“By shifting from animal to plant-based meat, we can address four growing global issues: human health, climate change, constraints on natural resources, and animal welfare.”
On Feb. 27, Beyond Meat Inc. reported a net loss of $0.5 million, which is about 1 cent a share. Compared to a loss of $7.5 million — 18 cents a share — in the third quarter of 2019, this was an improvement to close 2019 with.
During the week of Feb. 27, the market underwent the largest drop since the financial crisis of 2008, with all three indices losing nearly 10% each.
Beyond Meat’s stock price closed on Feb. 28, at $89.65, down 15% for the week.
Despite this drop and the loss in the income statement, the firm is showing growing performance and ascension towards sustainable growth.
Net sales rose 212% to $98.5 million, beating the expectations of $79.5 million by $19 million. The meat substitute company’s sales volume tripled and is expected to continue to grow.
Beyond Meat expects to have sales revenue around $490 to $510 million in the fiscal year of 2020.
Analysts were pleased by the performance, but investors were disappointed, which caused the share price to drop 6% in after-hours trading.

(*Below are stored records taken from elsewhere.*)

lemma mixture_score_cdf_less_iff_less_Max:
  fixes x0 :: "nat \<Rightarrow> nat" and sc :: "nat \<Rightarrow> real"
  assumes m: "1 \<le> m" "m \<le> K"
    and q: "\<And>k. 0 \<le> q k" "0 < q 1"
    and sizes: "\<And>k. k \<in> {1..m} \<Longrightarrow> group_size n x0 k \<noteq> 0"
    and group1: "\<And>i. i \<in> {1..n} \<Longrightarrow> x0 i = 1 \<Longrightarrow> sc i \<in> {0..1}"
    and low: "\<And>i. i \<in> {1..n} \<Longrightarrow> x0 i \<in> {2..m} \<Longrightarrow> sc i \<le> 0"
    and high: "\<And>i. i \<in> {1..n} \<Longrightarrow> x0 i \<in> {m+1..K} \<Longrightarrow> 1 \<le> sc i"
  shows "mixture_score_cdf K q n x0 sc (ereal t) < sum q {1..m}
           \<longleftrightarrow> t < Max (sc ` {i \<in> {1..n}. x0 i = 1})"
proof -
  define G1 where "G1 = {i \<in> {1..n}. x0 i = 1}"
  define c where "c = Max (sc ` G1)"
  let ?frac = "\<lambda>k. group_fraction n x0 sc k (ereal t)"
  have "G1 \<noteq> {}"
    using sizes[of 1] m by (auto simp: group_size_def G1_def)
  then have "c \<in> sc ` G1"
    unfolding c_def by (intro Max_in) (auto simp: G1_def)
  then obtain i1 where i1: "i1 \<in> G1" "sc i1 = c"
    by auto
  have le_c: "sc i \<le> c" if "i \<in> G1" for i
    using that by (simp add: c_def G1_def)
  have c01: "0 \<le> c" "c \<le> 1"
    using group1 i1 by (auto simp: G1_def)
  have "{1..K} = {1..m} \<union> {m+1..K}"
    using m by auto
  then have F_split: "mixture_score_cdf K q n x0 sc (ereal t) =
      (\<Sum>k\<in>{1..m}. q k * ?frac k) + (\<Sum>k\<in>{m+1..K}. q k * ?frac k)"
    unfolding mixture_score_cdf_eq_sum_group_fraction by (simp add: sum.union_disjoint)
  show ?thesis
    unfolding G1_def[symmetric] c_def[symmetric]
  proof
    assume less: "mixture_score_cdf K q n x0 sc (ereal t) < sum q {1..m}"
    show "t < c"
    proof (rule ccontr)
      assume "\<not> t < c"
      then have full: "?frac k = 1" if "k \<in> {1..m}" for k
        using that sizes le_c low c01
        by (intro group_fraction_eq_one) (force simp: G1_def)+
      have "sum q {1..m} \<le> mixture_score_cdf K q n x0 sc (ereal t)"
        unfolding F_split using full q(1)
        by (simp add: sum_nonneg group_fraction_nonneg)
      with less show False by simp
    qed
  next
    assume "t < c"
    have "?frac k = 0" if "k \<in> {m+1..K}" for k
      using that high c01 \<open>t < c\<close> by (intro group_fraction_eq_zero) force
    then have "mixture_score_cdf K q n x0 sc (ereal t) = (\<Sum>k\<in>{1..m}. q k * ?frac k)"
      unfolding F_split by simp
    also have "\<dots> < sum q {1..m}"
    proof (rule sum_strict_mono_ex1)
      show "\<forall>k\<in>{1..m}. q k * ?frac k \<le> q k"
        using q(1) group_fraction_le_one by (simp add: mult_left_le)
      have "?frac 1 < 1"
        using i1 \<open>t < c\<close> by (intro group_fraction_less_one[of i1]) (auto simp: G1_def)
      then show "\<exists>k\<in>{1..m}. q k * ?frac k < q k"
        using q(2) m by (intro bexI[of _ 1]) simp_all
    qed simp
    finally show "mixture_score_cdf K q n x0 sc (ereal t) < sum q {1..m}" .
  qed
qed
text \<open>\<open>shifted_power \<mu> m n\<close> stands for \<open>(\<mu> + m)\<^sup>n - \<mu>\<^sup>n\<close>, which makes sense
  without a unit.\<close>

primrec shifted_power :: "real \<Rightarrow> 'a::real_normed_algebra \<Rightarrow> nat \<Rightarrow> 'a" where
  "shifted_power \<mu> m 0 = 0"
| "shifted_power \<mu> m (Suc n) = \<mu> *\<^sub>R shifted_power \<mu> m n + \<mu>^n *\<^sub>R m + m * shifted_power \<mu> m n"

lemma shifted_power_mult:
  "shifted_power \<mu> m i * shifted_power \<mu> m j
     = shifted_power \<mu> m (i + j) - \<mu>^i *\<^sub>R shifted_power \<mu> m j - \<mu>^j *\<^sub>R shifted_power \<mu> m i"
proof (induction i)
  case (Suc i)
  have "shifted_power \<mu> m (Suc i) * shifted_power \<mu> m j
      = \<mu> *\<^sub>R (shifted_power \<mu> m i * shifted_power \<mu> m j) + \<mu>^i *\<^sub>R (m * shifted_power \<mu> m j)
        + m * (shifted_power \<mu> m i * shifted_power \<mu> m j)"
    by (simp add: distrib_right mult.assoc)
  also have "\<dots> = shifted_power \<mu> m (Suc i + j) - \<mu>^(Suc i) *\<^sub>R shifted_power \<mu> m j
                   - \<mu>^j *\<^sub>R shifted_power \<mu> m (Suc i)"
    unfolding Suc.IH by (simp add: algebra_simps power_add)
  finally show ?case .
qed simp

lemma shifted_power_commute:
  assumes "p * m = m * p"
  shows "p * shifted_power \<mu> m n = shifted_power \<mu> m n * p"
proof (induction n)
  case (Suc n)
  have "p * shifted_power \<mu> m (Suc n)
      = \<mu> *\<^sub>R (p * shifted_power \<mu> m n) + \<mu>^n *\<^sub>R (p * m) + (p * m) * shifted_power \<mu> m n"
    by (simp add: distrib_left mult.assoc)
  also have "\<dots> = shifted_power \<mu> m (Suc n) * p"
    by (simp add: Suc.IH assms distrib_right mult.assoc)
  finally show ?case .
qed simp

lemma norm_shifted_power_le:
  fixes m :: "'a::real_normed_algebra"
  assumes "\<And>y. norm (\<mu> *\<^sub>R y + m * y) \<le> norm y"
  shows "norm (\<mu>^n *\<^sub>R y + shifted_power \<mu> m n * y) \<le> norm y"
proof (induction n)
  case (Suc n)
  define z where "z = \<mu>^n *\<^sub>R y + shifted_power \<mu> m n * y"
  have "\<mu>^(Suc n) *\<^sub>R y + shifted_power \<mu> m (Suc n) * y = \<mu> *\<^sub>R z + m * z"
    unfolding z_def by (simp add: algebra_simps mult.assoc)
  then show ?case
    using assms[of z] Suc.IH unfolding z_def[symmetric] by simp
qed simp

Shares of Beyond Meat, which went public May 2, 2019, are up over 40.4% this year while the S&P 500 is down nearly 8% due to the selloff caused by a stock market reaction to the coronavirus.
This is a perfect example of when analysts and investors don’t agree about a valuation of a company and its prospects.
Despite this setback, the firm is still poised to become an industry leader for the years ahead if it improves in key areas.
Beyond Meat currently has the first mover or pioneer advantage against competitors like Impossible Foods and Tyson Foods Inc.
However, the plant-based company needs product mix diversity, and more ventures in supermarkets and grocery chains.
Sales in restaurants and food service outlets made up about 59% of Beyond Meat’s revenue in the quarter.
It is very reliant on these clients and needs to find more ways for revenue generation.
Increased competition from traditional food companies and meat producers adds competition as Beyond Meat is continuing to rack up partnership deals with large national restaurant chains.
Places like Starbucks Corp., Dunkin’ Brands Group Inc., McDonald’s Corp., and Denny’s Corp. are among them.
Beyond Meat is also planning to invest in expanding its production capacity.
At the start of the 2020, the company only had enough capacity to make $700 million of its meatless products, but it expects to increase that capacity to $1 billion by the end of 2020 due to increased capital expenditures.
It also plans on nearly doubling its number of co-packers, from six to 11 this year, as it plots its course for international expansion in Europe and Asia.
This, however, will be delayed due to the ongoing global health crisis.
Right now, the primary goal of this firm is to lay the foundation for its success in the marketplace.
Every firm must learn to deal with short term and long-term horizon investors, and Beyond Meat isn’t an exception.
As society grows more health-conscious and plant-based, the value proposition the firm offers will be realized over the long
term.
The company has forecasted that its adjusted EBITDA or earnings before taxes and non-cash items depreciation and amortization will be unchanged from 2019 as it spends more on marketing, research and development and international expansion.
Beyond Meat is currently operating mainly in Canada and the United States. It hasn’t been a year yet since the firm went public.
Only time will tell of the results of Beyond Meat’s strategic plans and how well it stays the course for its vision.